## Work item
Each line below from the one containing "2 * ennreal" through the one containing "by (subst nn_integral_ball_polar)" should be output exactly as it stands, and no other line should appear.

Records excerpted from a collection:
text \<open>Polar coordinates in two substitutions: \<open>x = -y cot t\<close> for each fixed height \<open>y > 0\<close>,
  then, after Fubini, \<open>y = r sin t\<close> for each fixed angle \<open>t\<close>.\<close>
lemma nn_integral_upper_half_plane_polar:
  fixes F :: "real \<Rightarrow> real \<Rightarrow> ennreal"
  assumes Fm [measurable]: "case_prod F \<in> borel_measurable borel"
    and supp: "\<And>x y. 1 \<le> \<bar>x\<bar> \<Longrightarrow> F x y = 0"
  shows "(\<integral>\<^sup>+y\<in>{0<..}. (\<integral>\<^sup>+x. F x y \<partial>lborel) \<partial>lborel)
    = (\<integral>\<^sup>+t\<in>{0<..<pi}. (\<integral>\<^sup>+r\<in>{0<..}. F (- r * cos t) (r * sin t) * ennreal r \<partial>lborel) \<partial>lborel)"
proof -
  define H where "H t y = F (- y * cos t / sin t) y * ennreal (y / (sin t)\<^sup>2)
    * indicator {0<..<pi} t * indicator {0<..} y" for t y
  have [measurable]: "(\<lambda>x. F (- snd x * cos (fst x) / sin (fst x)) (snd x)) \<in> borel_measurable borel"
    by (rule borel_measurable_case_prod_compose[OF Fm]) measurable
  then have H_meas: "case_prod H \<in> borel_measurable (lborel \<Otimes>\<^sub>M lborel)"
    unfolding H_def lborel_prod measurable_lborel1 by measurable
  have [measurable]: "(\<lambda>y. F (- y * cos t / sin t) y) \<in> borel_measurable borel" for t
    by (rule borel_measurable_case_prod_compose[OF Fm]) measurable
  have [measurable]: "(\<lambda>r. F (- r * cos t) (r * sin t)) \<in> borel_measurable borel" for t
    by (rule borel_measurable_case_prod_compose[OF Fm]) measurable
  have "(\<integral>\<^sup>+y\<in>{0<..}. (\<integral>\<^sup>+x. F x y \<partial>lborel) \<partial>lborel) = (\<integral>\<^sup>+y. \<integral>\<^sup>+t. H t y \<partial>lborel \<partial>lborel)"
  proof (intro nn_integral_cong)
    fix y :: real
    show "(\<integral>\<^sup>+x. F x y \<partial>lborel) * indicator {0<..} y = (\<integral>\<^sup>+t. H t y \<partial>lborel)"
      by (cases "0 < y")
        (simp_all add: H_def nn_integral_substitution_neg_cot[of "\<lambda>x. F x y"] supp
          borel_measurable_case_prod_compose[OF Fm])
  qed
  also have "\<dots> = (\<integral>\<^sup>+t. \<integral>\<^sup>+y. H t y \<partial>lborel \<partial>lborel)"
    by (rule lborel_pair.Fubini'[OF H_meas])
  also have "\<dots> = (\<integral>\<^sup>+t\<in>{0<..<pi}. (\<integral>\<^sup>+r\<in>{0<..}. F (- r * cos t) (r * sin t) * ennreal r \<partial>lborel) \<partial>lborel)"
  proof (intro nn_integral_cong)
    fix t :: real
    show "(\<integral>\<^sup>+y. H t y \<partial>lborel)
      = (\<integral>\<^sup>+r\<in>{0<..}. F (- r * cos t) (r * sin t) * ennreal r \<partial>lborel) * indicator {0<..<pi} t"
    proof (cases "t \<in> {0<..<pi}")
      case True
      define G where "G r = F (- r * cos t) (r * sin t)" for r
      have "0 < sin t"
        using True by (auto intro: sin_gt_zero)
      have [measurable]: "G \<in> borel_measurable borel"
        unfolding G_def by measurable
      have "F (- (y * cos t / sin t)) y = G (y / sin t)" "F (- (y * cos t)) (y * sin t) = G y" for y
        using \<open>0 < sin t\<close> by (simp_all add: G_def)
      then show ?thesis
        using True nn_integral_Ioi_rescale[OF \<open>0 < sin t\<close>, of G] by (simp add: H_def)
    qed (simp add: H_def)
  qed
  finally show ?thesis .
qed

lemma nn_integral_lborel_even:
  fixes Q :: "real \<Rightarrow> ennreal"
  assumes [measurable]: "Q \<in> borel_measurable borel" and even: "\<And>y. Q (- y) = Q y"
  shows "(\<integral>\<^sup>+y. Q y \<partial>lborel) = 2 * (\<integral>\<^sup>+y\<in>{0<..}. Q y \<partial>lborel)"
proof -
  have "(\<integral>\<^sup>+y. Q y \<partial>lborel) = (\<integral>\<^sup>+y. Q y * indicator {0<..} y + Q y * indicator {..<0} y \<partial>lborel)"
    by (intro nn_integral_cong_AE, use AE_lborel_singleton[of 0] in eventually_elim)
      (auto simp: indicator_def)
  also have "\<dots> = (\<integral>\<^sup>+y\<in>{0<..}. Q y \<partial>lborel) + (\<integral>\<^sup>+y\<in>{..<0}. Q y \<partial>lborel)"
    by (rule nn_integral_add) auto
  also have "(\<integral>\<^sup>+y\<in>{..<0}. Q y \<partial>lborel)
      = ennreal \<bar>-1\<bar> * (\<integral>\<^sup>+y. Q (0 + -1 * y) * indicator {..<0} (0 + -1 * y) \<partial>lborel)"
    by (rule nn_integral_real_affine) auto
  also have "\<dots> = (\<integral>\<^sup>+y\<in>{0<..}. Q y \<partial>lborel)"
    by (simp add: even indicator_def)
  finally show ?thesis
    by (simp add: mult_2)
qed

lemma cmod_Complex_polar: "cmod (Complex (- r * cos t) (r * sin t)) = \<bar>r\<bar>"
proof -
  have "(- r * cos t)\<^sup>2 + (r * sin t)\<^sup>2 = r\<^sup>2 * ((sin t)\<^sup>2 + (cos t)\<^sup>2)"
    by algebra
  also have "\<dots> = r\<^sup>2"
    by (simp only: sin_cos_squared_add mult_1_right)
  finally show ?thesis
    by (simp only: complex_norm real_sqrt_abs)
qed

lemma cmod_one_minus_Complex_polar_sq:
  "(cmod (1 - Complex (- r * cos t) (r * sin t)))\<^sup>2 = 1 + 2 * r * cos t + r\<^sup>2"
proof -
  have "(cmod (1 - Complex (- r * cos t) (r * sin t)))\<^sup>2 = (1 + r * cos t)\<^sup>2 + (r * sin t)\<^sup>2"
    by (simp add: cmod_power2)
  also have "\<dots> = 1 + 2 * r * cos t + r\<^sup>2 * ((sin t)\<^sup>2 + (cos t)\<^sup>2)"
    by algebra
  also have "\<dots> = 1 + 2 * r * cos t + r\<^sup>2"
    by (simp only: sin_cos_squared_add mult_1_right)
  finally show ?thesis .
qed

lemma pred_in_ball [measurable]:
  "Measurable.pred borel (\<lambda>z::'a::metric_space. z \<in> ball c r)"
  by (simp add: pred_def borel_open del: mem_ball)

lemma nn_integral_ball_polar:
  fixes \<Phi> :: "complex \<Rightarrow> ennreal"
  assumes [measurable]: "\<Phi> \<in> borel_measurable borel" and cnj: "\<And>z. \<Phi> (cnj z) = \<Phi> z"
  shows "(\<integral>\<^sup>+z\<in>ball 0 1. \<Phi> z \<partial>lborel) = 2 *
    (\<integral>\<^sup>+t\<in>{0<..<pi}. (\<integral>\<^sup>+r\<in>{0<..<1}. \<Phi> (Complex (- r * cos t) (r * sin t)) * ennreal r \<partial>lborel) \<partial>lborel)"
proof -
  define F where "F x y = \<Phi> (Complex x y) * indicator (ball 0 1) (Complex x y)" for x y
  have F_meas [measurable]: "case_prod F \<in> borel_measurable borel"
  proof -
    have "(\<lambda>p. \<Phi> (Complex (fst p) (snd p)) * indicator (ball 0 1) (Complex (fst p) (snd p)))
        \<in> borel_measurable (borel :: (real \<times> real) measure)"
      by measurable
    then show ?thesis
      by (simp add: F_def case_prod_beta')
  qed
  have F_meas' [measurable]: "(\<lambda>(y, x). F x y) \<in> borel_measurable (lborel \<Otimes>\<^sub>M lborel)"
    using measurable_pair_swap[of "case_prod F" lborel lborel] F_meas
    by (simp add: lborel_prod measurable_lborel1)
  have "(\<integral>\<^sup>+z\<in>ball 0 1. \<Phi> z \<partial>lborel) = (\<integral>\<^sup>+y. (\<integral>\<^sup>+x. F x y \<partial>lborel) \<partial>lborel)"
    by (simp add: nn_integral_lborel_complex F_def)
  also have "\<dots> = 2 * (\<integral>\<^sup>+y\<in>{0<..}. (\<integral>\<^sup>+x. F x y \<partial>lborel) \<partial>lborel)"
  proof (rule nn_integral_lborel_even)
    show "(\<lambda>y. \<integral>\<^sup>+x. F x y \<partial>lborel) \<in> borel_measurable borel"
      using lborel.borel_measurable_nn_integral[OF F_meas'] by simp
    have "cnj (Complex x y) = Complex x (- y)" for x y
      by (simp add: complex_eq_iff)
    then have "F x (- y) = F x y" for x y
      using cnj[of "Complex x y"] complex_mod_cnj[of "Complex x y"] by (simp add: F_def indicator_def)
    then show "(\<integral>\<^sup>+x. F x (- y) \<partial>lborel) = (\<integral>\<^sup>+x. F x y \<partial>lborel)" for y
      by simp
  qed
  also have "(\<integral>\<^sup>+y\<in>{0<..}. (\<integral>\<^sup>+x. F x y \<partial>lborel) \<partial>lborel)
      = (\<integral>\<^sup>+t\<in>{0<..<pi}. (\<integral>\<^sup>+r\<in>{0<..}. F (- r * cos t) (r * sin t) * ennreal r \<partial>lborel) \<partial>lborel)"
  proof (rule nn_integral_upper_half_plane_polar[OF F_meas])
    show "F x y = 0" if "1 \<le> \<bar>x\<bar>" for x y
      using that abs_Re_le_cmod[of "Complex x y"] by (simp add: F_def)
  qed
  also have "(\<lambda>t r. F (- r * cos t) (r * sin t) * ennreal r * indicator {0<..} r)
      = (\<lambda>t r. \<Phi> (Complex (- r * cos t) (r * sin t)) * ennreal r * indicator {0<..<1} r)"
    by (intro ext) (use cmod_Complex_polar in \<open>auto simp: F_def indicator_def\<close>)
  finally show ?thesis .
qed

lemma nn_integral_ball_radial:
  fixes \<psi> :: "real \<Rightarrow> ennreal"
  assumes [measurable]: "\<psi> \<in> borel_measurable borel"
  shows "(\<integral>\<^sup>+z\<in>ball 0 1. \<psi> (cmod z) \<partial>lborel)
    = 2 * ennreal pi * (\<integral>\<^sup>+r\<in>{0..1}. \<psi> r * ennreal r \<partial>lborel)"
proof -
  have "\<psi> (cmod (Complex (- r * cos t) (r * sin t))) * ennreal r * indicator {0<..<1} r
      = \<psi> r * ennreal r * indicator {0<..<1} r" for r t
    unfolding cmod_Complex_polar by (simp add: indicator_def)
  then have "(\<integral>\<^sup>+z\<in>ball 0 1. \<psi> (cmod z) \<partial>lborel)
      = 2 * (\<integral>\<^sup>+t. (\<integral>\<^sup>+r\<in>{0..1}. \<psi> r * ennreal r \<partial>lborel) * indicator {0<..<pi} t \<partial>lborel)"
    by (subst nn_integral_ball_polar) (simp_all add: nn_integral_lborel_Ioo_Icc)
  also have "\<dots> = 2 * ((\<integral>\<^sup>+r\<in>{0..1}. \<psi> r * ennreal r \<partial>lborel) * ennreal pi)"
    by (subst nn_integral_cmult_indicator) auto
  finally show ?thesis
    by (simp add: ac_simps)
qed

text \<open>Unlike the textbook antiderivative \<open>2 arctan ((1 - r) / (1 + r) tan (t / 2))\<close>, this one is
  smooth on all of \<open>[0, pi]\<close>.\<close>
lemma Poisson_kernel_antiderivative:
  fixes r t :: real
  assumes r: "0 \<le> r" "r < 1"
  shows "((\<lambda>t. t - 2 * arctan (r * sin t / (1 + r * cos t))) has_real_derivative
      (1 - r\<^sup>2) / (1 + 2 * r * cos t + r\<^sup>2)) (at t)"
proof -
  define q where "q = 1 + r * cos t"
  define D where "D = 1 + 2 * r * cos t + r\<^sup>2"
  have "\<bar>r * cos t\<bar> \<le> r"
    using r by (simp add: abs_mult mult_left_le)
  then have q: "0 < q"
    using r by (simp add: q_def)
  have D: "D = q\<^sup>2 + (r * sin t)\<^sup>2"
  proof -
    have "q\<^sup>2 + (r * sin t)\<^sup>2 = 1 + 2 * r * cos t + r\<^sup>2 * ((sin t)\<^sup>2 + (cos t)\<^sup>2)"
      unfolding q_def by algebra
    then show ?thesis
      by (simp add: D_def)
  qed
  then have "0 < D"
    using q by (simp add: add_pos_nonneg)
  have num: "r * cos t * q + r * sin t * (r * sin t) = r * cos t + r\<^sup>2"
  proof -
    have "r * cos t * q + r * sin t * (r * sin t) = r * cos t + r\<^sup>2 * ((sin t)\<^sup>2 + (cos t)\<^sup>2)"
      unfolding q_def by algebra
    then show ?thesis
      by simp
  qed
  have "((\<lambda>t. t - 2 * arctan (r * sin t / (1 + r * cos t))) has_real_derivative
      1 - 2 * (inverse (1 + (r * sin t / q)\<^sup>2)
        * ((r * cos t * q - r * sin t * (0 + r * - sin t)) / (q * q)))) (at t)"
    unfolding q_def using q[unfolded q_def]
    by (intro DERIV_diff DERIV_ident DERIV_cmult DERIV_arctan[THEN DERIV_chain2] DERIV_divide
        DERIV_add DERIV_const DERIV_cos DERIV_sin) auto
  also have "1 + (r * sin t / q)\<^sup>2 = D / (q * q)"
    using q by (simp add: D field_simps power2_eq_square)
  also have "r * cos t * q - r * sin t * (0 + r * - sin t) = r * cos t + r\<^sup>2"
    using num by simp
  also have "inverse (D / (q * q)) * ((r * cos t + r\<^sup>2) / (q * q)) = (r * cos t + r\<^sup>2) / D"
    using q \<open>0 < D\<close> by (simp add: field_simps)
  also have "1 - 2 * ((r * cos t + r\<^sup>2) / D) = (1 - r\<^sup>2) / D"
    using \<open>0 < D\<close> by (simp add: D_def field_simps)
  finally show ?thesis
    by (simp only: D_def)
qed
lemma cinner_adj:
  fixes T :: "'a::complex_inner op"
  assumes "densely_defined T" "y \<in> op_dom (adj T)" "x \<in> op_dom T"
  shows "cinner (app T x) y = cinner x (app (adj T) y)"
proof -
  let ?P = "\<lambda>z. \<forall>x\<in>op_dom T. cinner (app T x) y = cinner x z"
  obtain z where z: "?P z" using assms(2) by (auto simp: adj_def op_dom_def)
  have unique: "z' = z" if "?P z'" for z'
  proof -
    have "\<forall>x\<in>op_dom T. cinner x (z' - z) = 0" using that z by (simp add: cinner_diff_right)
    with assms(1)[unfolded densely_defined_def] have "z' - z = 0" by (rule orthogonal_dense_imp_zero)
    then show ?thesis by simp
  qed
  have "(THE z. ?P z) = z" using z unique by (rule the_equality)
  then have "app (adj T) y = z" using z by (auto simp: adj_def app_def)
  then show ?thesis using z assms(3) by simp
qed

lemma cinner_adj_self:
  fixes T :: "'a::complex_inner op"
  assumes "densely_defined T" "op_dom T \<subseteq> op_dom (adj T)" "x \<in> op_dom T"
  shows "cinner (app (adj T) x) x = cnj (cinner (app T x) x)"
  using cinner_adj[OF assms(1) _ assms(3), of x] assms(2,3) by (metis cinner_commute subsetD)

lemma re_part_positive_imp_Re_nonneg:
  fixes T :: "'a::complex_inner op"
  assumes "densely_defined T" "op_dom T \<subseteq> op_dom (adj T)" "positive_op (re_part T)"
    and x: "x \<in> op_dom T"
  shows "0 \<le> Re (cinner (app T x) x)"
proof -
  have "x \<in> op_dom (re_part T)" using x assms(2) by (auto simp: re_part_def op_dom_def)
  then have "0 \<le> Re (cinner (app (re_part T) x) x)" using assms(3) by (simp add: positive_op_def)
  moreover have "cinner (app (re_part T) x) x = (cinner (app T x) x + cnj (cinner (app T x) x)) / 2"
    using cinner_adj_self[OF assms(1,2) x]
    by (simp add: re_part_def app_def cinner_scaleC_left cinner_add_left)
  ultimately show ?thesis by simp
qed

text \<open>The sign flips because cinner is conjugate linear in its first argument.\<close>

lemma im_part_positive_imp_Im_nonpos:
  fixes T :: "'a::complex_inner op"
  assumes "densely_defined T" "op_dom T \<subseteq> op_dom (adj T)" "positive_op (im_part T)"
    and x: "x \<in> op_dom T"
  shows "Im (cinner (app T x) x) \<le> 0"
proof -
  have "x \<in> op_dom (im_part T)" using x assms(2) by (auto simp: im_part_def op_dom_def)
  then have "0 \<le> Re (cinner (app (im_part T) x) x)" using assms(3) by (simp add: positive_op_def)
  moreover have "cinner (app (im_part T) x) x = cnj (1/(2*\<i>)) * (cinner (app T x) x - cnj (cinner (app T x) x))"
    using cinner_adj_self[OF assms(1,2) x]
    by (simp add: im_part_def app_def cinner_scaleC_left cinner_diff_left)
  moreover have "Re (cnj (1/(2*\<i>)) * (c - cnj c)) = - Im c" for c
    by (simp add: Re_divide Im_divide)
  ultimately show ?thesis by simp
qed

## Response below
    = 2 * ennreal pi * (\<integral>\<^sup>+r\<in>{0..1}. \<psi> r * ennreal r \<partial>lborel)"
proof -
  have "\<psi> (cmod (Complex (- r * cos t) (r * sin t))) * ennreal r * indicator {0<..<1} r
      = \<psi> r * ennreal r * indicator {0<..<1} r" for r t
    unfolding cmod_Complex_polar by (simp add: indicator_def)
  then have "(\<integral>\<^sup>+z\<in>ball 0 1. \<psi> (cmod z) \<partial>lborel)
      = 2 * (\<integral>\<^sup>+t. (\<integral>\<^sup>+r\<in>{0..1}. \<psi> r * ennreal r \<partial>lborel) * indicator {0<..<pi} t \<partial>lborel)"
    by (subst nn_integral_ball_polar) (simp_all add: nn_integral_lborel_Ioo_Icc)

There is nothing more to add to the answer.